A faithful copy of the listing below is required.
────────────────────────────────────────
lemma factor_eq_iff: "factor y t (length w) = w \<longleftrightarrow> (\<forall>j<length w. y (t + int j) = w ! j)"
proof
  assume h: "factor y t (length w) = w"
  show "\<forall>j<length w. y (t + int j) = w ! j"
  proof (intro allI impI)
    fix j
    assume "j < length w"
    then have "y (t + int j) = factor y t (length w) ! j"
      by simp
    then show "y (t + int j) = w ! j"
      unfolding h .
  qed
next
  assume "\<forall>j<length w. y (t + int j) = w ! j"
  then show "factor y t (length w) = w"
    by (intro nth_equalityI) simp_all
qed

lemma lang_infix: "\<alpha> @ w @ \<beta> \<in> lang X \<Longrightarrow> w \<in> lang X"
proof -
  assume "\<alpha> @ w @ \<beta> \<in> lang X"
  then obtain x i n where x: "x \<in> X" "\<alpha> @ w @ \<beta> = factor x i n"
    unfolding lang_def by blast
  have n: "n = length \<alpha> + (length w + length \<beta>)"
    using arg_cong[OF x(2), of length] by simp
  have "factor x i n = factor x i (length \<alpha>) @ factor x (i + int (length \<alpha>)) (length w) @
      factor x (i + int (length \<alpha>) + int (length w)) (length \<beta>)"
    unfolding n factor_add by (simp add: add.assoc)
  then have "w = factor x (i + int (length \<alpha>)) (length w)"
    using x(2) by (simp add: append_eq_append_conv)
  then show ?thesis
    using x(1) unfolding lang_def by blast
qed

lemma lang_extend_right: "w \<in> lang X \<Longrightarrow> \<exists>b. w @ [b] \<in> lang X"
proof -
  assume "w \<in> lang X"
  then obtain x i n where "x \<in> X" "w = factor x i n"
    unfolding lang_def by blast
  then have "x \<in> X" "w @ [x (i + int n)] = factor x i (Suc n)"
    by (simp_all add: factor_Suc)
  then show ?thesis
    unfolding lang_def by blast
qed

definition cut_points :: "('a \<Rightarrow> 'b list) \<Rightarrow> (int \<Rightarrow> 'a) \<Rightarrow> (int \<Rightarrow> int) \<Rightarrow> (int \<Rightarrow> 'b) \<Rightarrow> bool" where
  "cut_points \<sigma> x c y \<longleftrightarrow> (\<forall>n. c (n + 1) = c n + int (length (\<sigma> (x n)))) \<and>
     (\<forall>n. factor y (c n) (length (\<sigma> (x n))) = \<sigma> (x n))"

lemma image_shift_iff:
  "y \<in> image_shift \<sigma> X \<longleftrightarrow>
     (\<exists>x\<in>X. \<exists>c. - int (length (\<sigma> (x 0))) < c 0 \<and> c 0 \<le> 0 \<and> cut_points \<sigma> x c y)"
  by (simp add: image_shift_def cut_points_def factor_eq_iff)

lemma strict_inc_add_le:
  fixes c :: "int \<Rightarrow> int"
  assumes "\<And>n. c n < c (n + 1)"
  shows "c n + int k \<le> c (n + int k)"
proof (induction k)
  case (Suc k)
  have "c (n + int k) < c (n + int (Suc k))"
    using assms[of "n + int k"] by (simp add: ac_simps)
  then show ?case
    using Suc by simp
qed simp

lemma strict_inc_ex1_block:
  fixes c :: "int \<Rightarrow> int"
  assumes inc: "\<And>n. c n < c (n + 1)"
  shows "\<exists>!n. c n \<le> t \<and> t < c (n + 1)"
proof (rule ex_ex1I)
  define K where "K = nat (c 0 - t)"
  define n0 where "n0 = - int K"
  have "c n0 + int K \<le> c 0"
    using strict_inc_add_le[of c, OF inc, of n0 K] by (simp add: n0_def)
  moreover have "c 0 - t \<le> int K"
    by (simp add: K_def)
  ultimately have below: "c n0 \<le> t"
    by linarith
  define N where "N = nat (t - c n0) + 1"
  have "c n0 + int N \<le> c (n0 + int N)"
    by (rule strict_inc_add_le[of c, OF inc])
  moreover have "int N = t - c n0 + 1"
    using below by (simp add: N_def)
  ultimately have above: "t < c (n0 + int N)"
    by linarith
  have "\<not> t < c (n0 + int 0)"
    using below by simp
  then have "\<exists>k<N. (\<forall>i\<le>k. \<not> t < c (n0 + int i)) \<and> t < c (n0 + int (k + 1))"
    using ex_least_nat_less[of "\<lambda>k. t < c (n0 + int k)" N] above by simp
  then obtain k where "\<not> t < c (n0 + int k)" "t < c (n0 + int (k + 1))"
    by auto
  then show "\<exists>n. c n \<le> t \<and> t < c (n + 1)"
    by (intro exI[of _ "n0 + int k"]) (simp add: ac_simps)
next
  fix n m
  assume n: "c n \<le> t \<and> t < c (n + 1)" and m: "c m \<le> t \<and> t < c (m + 1)"
  have le: "c (i + 1) \<le> c j" if "i < j" for i j
    using strict_inc_add_le[of c, OF inc, of "i + 1" "nat (j - i - 1)"] that by simp
  show "n = m"
  proof (rule ccontr)
    assume "n \<noteq> m"
    then consider "n < m" | "m < n"
      by linarith
    then show False
    proof cases
      case 1
      then show False using le[of n m] n m by linarith
    next
      case 2
      then show False using le[of m n] n m by linarith
    qed
  qed
qed

lemma cut_points_add:
  assumes "cut_points \<sigma> x c y"
  shows "c (n + int k) = c n + int (length (morph \<sigma> (factor x n k)))"
proof (induction k)
  case (Suc k)
  have "c (n + int k + 1) = c (n + int k) + int (length (\<sigma> (x (n + int k))))"
    using assms unfolding cut_points_def by blast
  then show ?case
    using Suc by (simp add: factor_Suc ac_simps)
qed (simp add: factor_def)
────────────────────────────────────────
RESPONSE TO THIS TASK:
lemma factor_eq_iff: "factor y t (length w) = w \<longleftrightarrow> (\<forall>j<length w. y (t + int j) = w ! j)"
proof
  assume h: "factor y t (length w) = w"
  show "\<forall>j<length w. y (t + int j) = w ! j"
  proof (intro allI impI)
    fix j
    assume "j < length w"
    then have "y (t + int j) = factor y t (length w) ! j"
      by simp
    then show "y (t + int j) = w ! j"
      unfolding h .
  qed
next
  assume "\<forall>j<length w. y (t + int j) = w ! j"
  then show "factor y t (length w) = w"
    by (intro nth_equalityI) simp_all
qed

lemma lang_infix: "\<alpha> @ w @ \<beta> \<in> lang X \<Longrightarrow> w \<in> lang X"
proof -
  assume "\<alpha> @ w @ \<beta> \<in> lang X"
  then obtain x i n where x: "x \<in> X" "\<alpha> @ w @ \<beta> = factor x i n"
    unfolding lang_def by blast
  have n: "n = length \<alpha> + (length w + length \<beta>)"
    using arg_cong[OF x(2), of length] by simp
  have "factor x i n = factor x i (length \<alpha>) @ factor x (i + int (length \<alpha>)) (length w) @
      factor x (i + int (length \<alpha>) + int (length w)) (length \<beta>)"
    unfolding n factor_add by (simp add: add.assoc)
  then have "w = factor x (i + int (length \<alpha>)) (length w)"
    using x(2) by (simp add: append_eq_append_conv)
  then show ?thesis
    using x(1) unfolding lang_def by blast
qed

lemma lang_extend_right: "w \<in> lang X \<Longrightarrow> \<exists>b. w @ [b] \<in> lang X"
proof -
  assume "w \<in> lang X"
  then obtain x i n where "x \<in> X" "w = factor x i n"
    unfolding lang_def by blast
  then have "x \<in> X" "w @ [x (i + int n)] = factor x i (Suc n)"
    by (simp_all add: factor_Suc)
  then show ?thesis
    unfolding lang_def by blast
qed

definition cut_points :: "('a \<Rightarrow> 'b list) \<Rightarrow> (int \<Rightarrow> 'a) \<Rightarrow> (int \<Rightarrow> int) \<Rightarrow> (int \<Rightarrow> 'b) \<Rightarrow> bool" where
  "cut_points \<sigma> x c y \<longleftrightarrow> (\<forall>n. c (n + 1) = c n + int (length (\<sigma> (x n)))) \<and>
     (\<forall>n. factor y (c n) (length (\<sigma> (x n))) = \<sigma> (x n))"

lemma image_shift_iff:
  "y \<in> image_shift \<sigma> X \<longleftrightarrow>
     (\<exists>x\<in>X. \<exists>c. - int (length (\<sigma> (x 0))) < c 0 \<and> c 0 \<le> 0 \<and> cut_points \<sigma> x c y)"
  by (simp add: image_shift_def cut_points_def factor_eq_iff)

lemma strict_inc_add_le:
  fixes c :: "int \<Rightarrow> int"
  assumes "\<And>n. c n < c (n + 1)"
  shows "c n + int k \<le> c (n + int k)"
proof (induction k)
  case (Suc k)
  have "c (n + int k) < c (n + int (Suc k))"
    using assms[of "n + int k"] by (simp add: ac_simps)
  then show ?case
    using Suc by simp
qed simp

lemma strict_inc_ex1_block:
  fixes c :: "int \<Rightarrow> int"
  assumes inc: "\<And>n. c n < c (n + 1)"
  shows "\<exists>!n. c n \<le> t \<and> t < c (n + 1)"
proof (rule ex_ex1I)
  define K where "K = nat (c 0 - t)"
  define n0 where "n0 = - int K"
  have "c n0 + int K \<le> c 0"
    using strict_inc_add_le[of c, OF inc, of n0 K] by (simp add: n0_def)
  moreover have "c 0 - t \<le> int K"
    by (simp add: K_def)
  ultimately have below: "c n0 \<le> t"
    by linarith
  define N where "N = nat (t - c n0) + 1"
  have "c n0 + int N \<le> c (n0 + int N)"
    by (rule strict_inc_add_le[of c, OF inc])
  moreover have "int N = t - c n0 + 1"
    using below by (simp add: N_def)
  ultimately have above: "t < c (n0 + int N)"
    by linarith
  have "\<not> t < c (n0 + int 0)"
    using below by simp
  then have "\<exists>k<N. (\<forall>i\<le>k. \<not> t < c (n0 + int i)) \<and> t < c (n0 + int (k + 1))"
    using ex_least_nat_less[of "\<lambda>k. t < c (n0 + int k)" N] above by simp
  then obtain k where "\<not> t < c (n0 + int k)" "t < c (n0 + int (k + 1))"
    by auto
  then show "\<exists>n. c n \<le> t \<and> t < c (n + 1)"
    by (intro exI[of _ "n0 + int k"]) (simp add: ac_simps)
next
  fix n m
  assume n: "c n \<le> t \<and> t < c (n + 1)" and m: "c m \<le> t \<and> t < c (m + 1)"
  have le: "c (i + 1) \<le> c j" if "i < j" for i j
    using strict_inc_add_le[of c, OF inc, of "i + 1" "nat (j - i - 1)"] that by simp
  show "n = m"
  proof (rule ccontr)
    assume "n \<noteq> m"
    then consider "n < m" | "m < n"
      by linarith
    then show False
    proof cases
      case 1
      then show False using le[of n m] n m by linarith
    next
      case 2
      then show False using le[of m n] n m by linarith
    qed
  qed
qed

lemma cut_points_add:
  assumes "cut_points \<sigma> x c y"
  shows "c (n + int k) = c n + int (length (morph \<sigma> (factor x n k)))"
proof (induction k)
  case (Suc k)
  have "c (n + int k + 1) = c (n + int k) + int (length (\<sigma> (x (n + int k))))"
    using assms unfolding cut_points_def by blast
  then show ?case
    using Suc by (simp add: factor_Suc ac_simps)
qed (simp add: factor_def)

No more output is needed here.